This week reinforced a familiar theme: monetary policy is easing, but not enough to reignite broad risk-on behavior. Equities managed a late rebound, supported by selective sector rotation and AI-linked earnings optimism, while crypto failed to attract meaningful new demand. With rate cuts largely priced in, liquidity improving only gradually, and macro risks still unresolved, markets remain fragile and highly selective. The current environment favors tactical positioning and capital preservation rather than aggressive beta exposure.


2. Current market situation.

Market Structure (1W Overview):

Weekly structure still points to a tired bounce inside a bearish regime: BTC remains capped below major resistance, dominance stays elevated and altcoins are pinned near their lows.
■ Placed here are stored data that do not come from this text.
(* Consider the multi-market oligopoly of equal capacity $\mathcal{G}$ described in the context, and suppose: each $u_x$ ($x\in E$) is concave and differentiable; $c$ is convex and differentiable; and at least one of the following holds: (a) all but at most one of the $u_x$ are strictly concave, or (b) $c$ is strictly convex. Then every pure-strategy Nash equilibrium $\mathbf{S}^*=(\mathbf{s}_i^* )_{i=1}^n$ of $\mathcal{G}$ is symmetric, i.e. $\mathbf{s}_i^*=\mathbf{s}_j^*$ for all $i,j\in N$.
   Context: Let $N=\{1,\dots,n\}$ be a set of firms (players) and $E=\{1,\dots,m\}$ a set of markets. Let $\Delta^{m-1}=\{\mathbf{v}\in\mathbb{R}^m:\mathbf{v}\ge 0,\ \mathbf{v}^{T}\mathbf{1}=1\}$. Each firm $i$ chooses a strategy $\mathbf{s}_i=(s_{ix})_{x=1}^m\in S_i=\Delta^{m-1}$. For each market $x$ let $u_x:\mathbb{R}_{\ge 0}\to\mathbb{R}_{\ge 0}$ with $u_x(0)=0$, and let $p_x(t)=u_x(t)/t$ for $t>0$. Let $c:\Delta^{m-1}\to\mathbb{R}_{\ge 0}$ be a common cost function. For a strategy profile $\mathbf{S}=(\mathbf{s}_i)_{i=1}^n$ put $s_x=\sum_{i=1}^n s_{ix}$ and $\mathbf{s}_{-i}=\sum_{j\ne i}\mathbf{s}_j$. The payoff of player $i$ is $u_i(\mathbf{s}_i;\mathbf{s}_{-i})=\sum_{x=1}^m p_x(s_x)s_{ix}-c(\mathbf{s}_i)$ (a term with $s_x=0$ is taken to be $0$). The game is $\mathcal{G}=(N,S,(u_i)_{i=1}^n)$ with $S=\prod_{i=1}^n\Delta^{m-1}$. *)

theory Defs
  imports "HOL-Analysis.Analysis"
begin

definition strictly_convex_on :: "'a::real_vector set \<Rightarrow> ('a \<Rightarrow> real) \<Rightarrow> bool" where
  "strictly_convex_on S f \<longleftrightarrow>
     (\<forall>x\<in>S. \<forall>y\<in>S. x \<noteq> y \<longrightarrow> (\<forall>t::real. 0 < t \<and> t < 1 \<longrightarrow>
        f ((1 - t) *\<^sub>R x + t *\<^sub>R y) < (1 - t) * f x + t * f y))"

definition strictly_concave_on :: "'a::real_vector set \<Rightarrow> ('a \<Rightarrow> real) \<Rightarrow> bool" where
  "strictly_concave_on S f \<longleftrightarrow> strictly_convex_on S (\<lambda>x. - f x)"

definition strategy_simplex :: "(real ^ 'm::finite) set" where
  "strategy_simplex = {v. (\<forall>x. 0 \<le> v $ x) \<and> (\<Sum>x\<in>UNIV. v $ x) = 1}"

definition payoff :: "('m::finite \<Rightarrow> real \<Rightarrow> real) \<Rightarrow> (real ^ 'm \<Rightarrow> real)
    \<Rightarrow> real ^ 'm \<Rightarrow> real ^ 'm \<Rightarrow> real" where
  "payoff u c si s_others =
     (\<Sum>x\<in>UNIV. (let sx = si $ x + s_others $ x in
                   if sx = 0 then 0 else (u x sx / sx) * si $ x)) - c si"

definition others :: "nat \<Rightarrow> (nat \<Rightarrow> real ^ 'm::finite) \<Rightarrow> nat \<Rightarrow> real ^ 'm" where
  "others n S i = (\<Sum>j\<in>{1..n} - {i}. S j)"

definition nash_equilibrium :: "nat \<Rightarrow> ('m::finite \<Rightarrow> real \<Rightarrow> real) \<Rightarrow> (real ^ 'm \<Rightarrow> real)
    \<Rightarrow> (nat \<Rightarrow> real ^ 'm) \<Rightarrow> bool" where
  "nash_equilibrium n u c S \<longleftrightarrow>
     (\<forall>i\<in>{1..n}. S i \<in> strategy_simplex) \<and>
     (\<forall>i\<in>{1..n}. \<forall>s\<in>strategy_simplex. payoff u c s (others n S i) \<le> payoff u c (S i) (others n S i))"

end

theory Submission
  imports Defs
begin

text \<open>If two firms i and j play s_i \<noteq> s_j at an equilibrium, let both move a fraction e
  towards each other. Since s_i + s_-i = s_j + s_-j, both face the same aggregate T, and in
  market x the sum of their two revenue changes has derivative -p_x'(T_x) (s_jx - s_ix)^2 \<ge> 0
  at e = 0, because the price p_x(t) = u_x(t)/t of a concave u_x with u_x(0) = 0 is
  nonincreasing. Convexity of c bounds the sum of the two cost changes by -\<kappa> e, where
  \<kappa> = 2 (c(s_i) + c(s_j) - 2 c((s_i + s_j)/2)) \<ge> 0. Either strictness hypothesis makes one of
  these two contributions strictly positive, so for small e one of the two deviations is
  profitable.\<close>

lemma strictly_convex_onD:
  assumes "strictly_convex_on K c" "x \<in> K" "y \<in> K" "x \<noteq> y" "0 < t" "t < 1"
  shows "c ((1 - t) *\<^sub>R x + t *\<^sub>R y) < (1 - t) * c x + t * c y"
  using assms unfolding strictly_convex_on_def by blast

lemma concave_on_below_tangent:
  fixes f :: "real \<Rightarrow> real"
  assumes "concave_on A f" "connected A" "T \<in> interior A" "y \<in> A"
    and "(f has_real_derivative d) (at T within A)"
  shows "f y - f T \<le> d * (y - T)"
proof -
  have "(- d) * (y - T) \<le> - f y - (- f T)"
    using assms by (intro convex_on_imp_above_tangent) (auto simp: concave_on_def intro: derivative_intros)
  then show ?thesis by simp
qed

lemma concave_on_deriv_mult_le:
  fixes f :: "real \<Rightarrow> real"
  assumes "concave_on {0..} f" "f 0 = 0" "0 < T" "(f has_real_derivative d) (at T)"
  shows "d * T \<le> f T"
  using concave_on_below_tangent[of "{0..}" f T 0 d] assms
  by (simp add: has_field_derivative_at_within)

lemma strictly_concave_on_deriv_mult_less:
  fixes f :: "real \<Rightarrow> real"
  assumes "strictly_concave_on {0..} f" "concave_on {0..} f" "f 0 = 0" "0 < T"
    and "(f has_real_derivative d) (at T)"
  shows "d * T < f T"
proof -
  have "- f ((1 - 1/2) *\<^sub>R 0 + (1/2) *\<^sub>R T) < (1 - 1/2) * - f 0 + (1/2) * - f T"
    using assms(1,4) unfolding strictly_concave_on_def by (intro strictly_convex_onD) auto
  then have "f T / 2 < f (T / 2)"
    using assms(3) by simp
  moreover have "f (T / 2) - f T \<le> d * (T / 2 - T)"
    using concave_on_below_tangent[of "{0..}" f T "T/2" d] assms
    by (simp add: has_field_derivative_at_within)
  ultimately show ?thesis by simp
qed

text \<open>Firms with shares a and b of a market of aggregate T, each moving e (b - a) towards the
  other unilaterally (so the aggregate seen by each changes by its own move only): the sum of
  their revenue changes at unit price g.\<close>

definition swap_gain :: "(real \<Rightarrow> real) \<Rightarrow> real \<Rightarrow> real \<Rightarrow> real \<Rightarrow> real \<Rightarrow> real" where
  "swap_gain g T a b e =
     g (T + e * (b - a)) * (a + e * (b - a)) + g (T - e * (b - a)) * (b - e * (b - a)) - g T * (a + b)"

lemma swap_gain_0 [simp]: "swap_gain g T a b 0 = 0"
  by (simp add: swap_gain_def algebra_simps)

lemma swap_gain_same [simp]: "swap_gain g T a a = (\<lambda>e. 0)"
  by (simp add: swap_gain_def fun_eq_iff algebra_simps)

lemma has_real_derivative_swap_gain:
  assumes "(g has_real_derivative Dg) (at T)"
  shows "(swap_gain g T a b has_real_derivative - Dg * (b - a)\<^sup>2) (at 0)"
proof -
  have "((\<lambda>e. g (T + e * (b - a))) has_real_derivative Dg * (b - a)) (at 0)"
    by (rule DERIV_chain2[where f = g and g = "\<lambda>e. T + e * (b - a)"])
      (use assms in \<open>auto intro!: derivative_eq_intros\<close>)
  moreover have "((\<lambda>e. g (T - e * (b - a))) has_real_derivative Dg * - (b - a)) (at 0)"
    by (rule DERIV_chain2[where f = g and g = "\<lambda>e. T - e * (b - a)"])
      (use assms in \<open>auto intro!: derivative_eq_intros\<close>)
  ultimately show ?thesis
    unfolding swap_gain_def
    by (auto intro!: derivative_eq_intros simp: algebra_simps power2_eq_square)
qed

lemma concave_average_swap_gain_deriv:
  fixes u :: "real \<Rightarrow> real"
  assumes u: "concave_on {0..} u" "u 0 = 0" "u differentiable (at T within {0..})"
    and "0 \<le> a" "a \<le> T" "0 \<le> b" "b \<le> T"
  obtains D where "(swap_gain (\<lambda>t. u t / t) T a b has_real_derivative D) (at 0)" "0 \<le> D"
    and "strictly_concave_on {0..} u \<Longrightarrow> a \<noteq> b \<Longrightarrow> 0 < D"
proof (cases "a = b")
  case True
  then show ?thesis
    using that[of 0] by simp
next
  case False
  then have T: "0 < T"
    using assms(4-7) by linarith
  then obtain d where d: "(u has_real_derivative d) (at T)"
    using u(3) at_within_interior[of T "{0..}"] by (auto simp: real_differentiable_def)
  define Dg where "Dg = (d * T - u T) / T\<^sup>2"
  have "((\<lambda>t. u t / t) has_real_derivative Dg) (at T)"
    unfolding Dg_def using T by (auto intro!: derivative_eq_intros d simp: power2_eq_square field_simps)
  moreover have "Dg \<le> 0"
    using concave_on_deriv_mult_le[OF u(1,2) T d] unfolding Dg_def by (simp add: divide_le_0_iff)
  moreover have "Dg < 0" if "strictly_concave_on {0..} u"
    using strictly_concave_on_deriv_mult_less[OF that u(1,2) T d] T unfolding Dg_def
    by (simp add: divide_less_0_iff)
  ultimately show ?thesis
    using that[OF has_real_derivative_swap_gain] False
    by (metis mult_nonneg_nonneg mult_pos_pos neg_0_le_iff_le neg_0_less_iff_less
        right_minus_eq zero_le_power2 zero_less_power2)
qed

lemma convex_on_midpoint_le:
  assumes "convex_on K c" "x \<in> K" "y \<in> K"
  shows "2 * c (midpoint x y) \<le> c x + c y"
  using convex_onD[OF assms(1), of "1/2" x y] assms(2,3)
  by (simp add: midpoint_def scaleR_add_right)
lemma grid_coords_sep:
  assumes "K \<ge> 1" "a \<in> grid_coords K" "b \<in> grid_coords K" "a \<noteq> b"
  shows "1 / real K \<le> \<bar>a - b\<bar>"
proof -
  obtain i j where "a = real i / (2 * real K)" "b = real j / (2 * real K)" "even i" "even j"
    using assms(2,3) unfolding grid_coords_def by blast
  then show ?thesis using half_coords_sep[OF assms(1), of i j] assms(4) by auto
qed

lemma mid_coords_sep:
  assumes "K \<ge> 1" "a \<in> mid_coords K" "b \<in> mid_coords K" "a \<noteq> b"
  shows "1 / real K \<le> \<bar>a - b\<bar>"
proof -
  obtain i j where "a = real i / (2 * real K)" "b = real j / (2 * real K)" "odd i" "odd j"
    using assms(2,3) unfolding mid_coords_def by blast
  then show ?thesis using half_coords_sep[OF assms(1), of i j] assms(4) by auto
qed

lemma grid_mid_coords_sep:
  assumes "K \<ge> 1" "a \<in> grid_coords K" "b \<in> mid_coords K"
  shows "1 / (2 * real K) \<le> \<bar>a - b\<bar>"
proof -
  obtain i j where "a = real i / (2 * real K)" "b = real j / (2 * real K)" "even i" "odd j"
    using assms(2,3) unfolding grid_coords_def mid_coords_def by blast
  then show ?thesis using half_coords_sep[OF assms(1), of i j] by auto
qed

lemma half_grid_bracket:
  assumes "K \<ge> 1" "0 \<le> y" "y \<le> 1"
  obtains j where "j < 2 * K" "real j \<le> 2 * real K * y" "2 * real K * y \<le> real j + 1"
proof (cases "y = 1")
  case True
  then show ?thesis using that[of "2 * K - 1"] assms(1) by (simp add: of_nat_diff)
next
  case False
  define j where "j = nat \<lfloor>2 * real K * y\<rfloor>"
  have "0 \<le> 2 * real K * y" using assms by simp
  then have j: "real j = of_int \<lfloor>2 * real K * y\<rfloor>" unfolding j_def by simp
  have "2 * real K * y < 2 * real K" using False assms by simp
  then show ?thesis using that[of j] j by linarith
qed

lemma coord_bracket:
  assumes K: "K \<ge> 1" and "0 \<le> y" "y \<le> 1"
  obtains a b where "a \<in> grid_coords K" "b \<in> mid_coords K" "\<bar>y - a\<bar> + \<bar>y - b\<bar> = 1 / (2 * real K)"
proof -
  obtain j where j: "j < 2 * K" "real j \<le> 2 * real K * y" "2 * real K * y \<le> real j + 1"
    using half_grid_bracket[OF assms] .
  have Kpos: "real K > 0" using K by simp
  have "\<bar>y - real j / (2 * real K)\<bar> + \<bar>y - real (j + 1) / (2 * real K)\<bar> = 1 / (2 * real K)"
    using j(2,3) Kpos by (simp add: abs_if field_simps)
  moreover have "real j / (2 * real K) \<in> (if even j then grid_coords K else mid_coords K)"
    "real (j + 1) / (2 * real K) \<in> (if even (j + 1) then grid_coords K else mid_coords K)"
    using j(1) by (intro half_coord_mem; simp)+
  ultimately show ?thesis
    using that by (cases "even j") (auto simp: add.commute)
qed

lemma coord_round:
  assumes K: "K \<ge> 1" and "0 \<le> y" "y \<le> 1"
  obtains r r' where "r \<le> 2 * K" "r' \<le> 2 * K" "odd r \<longleftrightarrow> even r'"
    "\<bar>2 * real K * y - real r\<bar> \<le> 1/2"
    "\<bar>2 * real K * y - real r'\<bar> = 1 - \<bar>2 * real K * y - real r\<bar>"
proof -
  obtain j where j: "j < 2 * K" "real j \<le> 2 * real K * y" "2 * real K * y \<le> real j + 1"
    using half_grid_bracket[OF assms] .
  show ?thesis
  proof (cases "2 * real K * y - real j \<le> 1/2")
    case True
    then show ?thesis using that[of j "j + 1"] j by auto
  next
    case False
    then show ?thesis using that[of "j + 1" j] j by auto
  qed
qed

lemma mid_coords_double:
  assumes K: "K \<ge> 1" and y: "0 \<le> y" "y \<le> 1" and half: "\<bar>2 * real K * y - real r\<bar> = 1/2"
  shows "y \<in> mid_coords (2 * K)"
proof -
  have Kpos: "real K > 0" using K by simp
  obtain j where j: "odd j" "real j = 4 * real K * y"
  proof (cases "2 * real K * y \<ge> real r")
    case True
    then show ?thesis using that[of "2 * r + 1"] half by auto
  next
    case False
    then have "r \<ge> 1" using y Kpos by (cases r) auto
    then show ?thesis using that[of "2 * r - 1"] half False by (auto simp: of_nat_diff)
  qed
  moreover have "4 * real K * y \<le> 4 * real K" using y(2) Kpos by (intro mult_left_le) auto
  ultimately have "j \<le> 2 * (2 * K)" by linarith
  moreover have "y = real j / (2 * real (2 * K))" using j(2) Kpos by simp
  ultimately show ?thesis unfolding mid_coords_def using j(1) by blast
qed

definition mixed_grid :: "nat \<Rightarrow> 'n set \<Rightarrow> (real^'n) set" where
  "mixed_grid K s = {v. \<forall>t. v$t \<in> (if t \<in> s then mid_coords K else grid_coords K)}"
Weekly structure remains heavy: BTC is stuck below the broken 100K zone, dominance hovers near 60% and the broader altcoin market shows no structural leadership.

Bitcoin at ~88.6K (≈flat w/w), bounce still capped below 95K–100K

This week’s range was roughly 84.5K–90.4K. Price again failed to sustain any move above the low-90K area and remains well below the broken 95K–100K support zone and the 120K–126K cycle peak. The recent weekly candles form a tight consolidation after the sharp drop from the highs, not a reversal pattern. The 80K–85K area remains the key support, while 95K–100K is the first serious resistance band. Below it, the move off the lows still looks like a stalled relief rally within a broader topping structure.

BTC.D at ~59.6% (slightly up w/w), dominance high and stable

Dominance traded roughly between 59.0% and 60.5% and closed mid-range. The broader trend since 2023 remains upward, with only a shallow pullback from the 66% peak. Capital remains concentrated in BTC, altcoins lack structural leadership, and any strength in alts continues to look more like rotation and distribution rather than the start of a sustained altseason.

TOTAL at ~2.96T (slightly down w/w), holding 3T area but below key pivot

Total crypto market cap ranged between roughly 2.82T and 3.05T and finished just under 3.0T, slightly lower on the week. It remains clearly below the 3.2T–3.3T breakdown zone and far from the 4.0T–4.3T distribution peak. The market is stable above the 2.8T area but shows no new impulse; without a reclaim of 3.2T–3.3T, the backdrop remains de-risking with downside risk toward 2.8T–2.9T.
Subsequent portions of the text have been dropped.